'Our Kids' are 'Coming Apart' Because Liberals

Back in 2012 Charles Murray came out with Coming Apart: The State of White America 1960-2010. He argued that in Obama's America the top 20 percent was doing fine. Top 20 percenters get educated, get careers, get married, stay married; they live in wealthy suburbs like Belmont in Massachusetts. The middle 50 percent isn't doing too good. But the bottom 30 percent of whites that live in places like Philadelphia's Fishtown, isn't doing very well at all. The women don't get married and the men -- about 30 percent of them -- don't work.

Now comes Robert D. Putnam with Our Kids: The American Dream in Crisis. Returning to his hometown of Port Clinton, Ohio, Putnam tells the story of today's kids, like these two black kids. One's the child of married, educated parents and he's doing fine.
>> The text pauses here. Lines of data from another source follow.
lemma CAT0_dist_two_transfer:
  assumes M: "Metric_space M d" and C: "CAT0 M d"
    and M': "Metric_space M d'" and G': "geodesic_metric M d'"
    and one: "same_closed_balls M d d' 1" and two: "same_closed_balls M d d' 2"
    and in_M: "x \<in> M" "y \<in> M" and dist: "d x y = 2"
  shows "d' x y = 2"
proof (rule ccontr)
  assume "d' x y \<noteq> 2"
  with two dist in_M have "d' x y < 2"
    unfolding same_closed_balls_def by force
  moreover have "0 < d' x y"
    using in_M dist Metric_space.mdist_pos_eq[OF M] Metric_space.mdist_pos_eq[OF M'] by force
  ultimately obtain z w where zw: "z \<in> M" "w \<in> M" "z \<noteq> w"
    "d' x z \<le> 1" "d' z y \<le> 1" "d' x w \<le> 1" "d' w y \<le> 1"
    using geodesic_two_points_in_unit_balls[OF G' in_M] by blast
  then have "d x z \<le> 1" "d z y \<le> 1" "d x w \<le> 1" "d w y \<le> 1"
    using one in_M unfolding same_closed_balls_def by blast+
  moreover have "d x y \<le> d x z + d z y" "d x y \<le> d x w + d w y"
    using Metric_space.triangle[OF M] in_M zw by blast+
  ultimately have "z = w"
    using CAT0_between_unique[OF M C in_M zw(1,2)] dist by force
  with zw show False by blast
qed

lemma geodesically_complete_dist_one_transfer:
  assumes GC: "geodesically_complete M d" and M': "Metric_space M d'"
    and one: "same_closed_balls M d d' 1"
    and two: "\<forall>x\<in>M. \<forall>y\<in>M. d x y = 2 \<longrightarrow> d' x y = 2"
    and in_M: "x \<in> M" "y \<in> M" and dist: "d x y = 1"
  shows "d' x y = 1"
proof -
  obtain w where w: "w \<in> M" "d x w = 2" "d y w = 1"
    using geodesically_complete_extend[OF GC in_M, of 2] dist by auto
  then have "d' x w = 2" "d' y w \<le> 1" "d' x y \<le> 1"
    using one two in_M dist unfolding same_closed_balls_def by (metis order_refl)+
  moreover have "d' x w \<le> d' x y + d' y w"
    using Metric_space.triangle[OF M'] in_M w(1) by blast
  ultimately show ?thesis by linarith
qed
The other's a child of the black working class, and he complains that his parents “couldn't live together for nothing” and loves beating people up.

To the New York Times' Jason DeParle it's all about “income inequality.” And Putnam just proposes more of the same, according to W. Bradford Wilcox in the Wall Street Journal: more government, and of course, the ignis fatuus of Obama-era liberals, universal pre-school.

Putnam, you may recall, wrote Bowling Alone back in 2000. In it he mourned that Americans didn't seem to be joining organizations (e.g., bowling leagues) any more. Golly, I wonder why that might be?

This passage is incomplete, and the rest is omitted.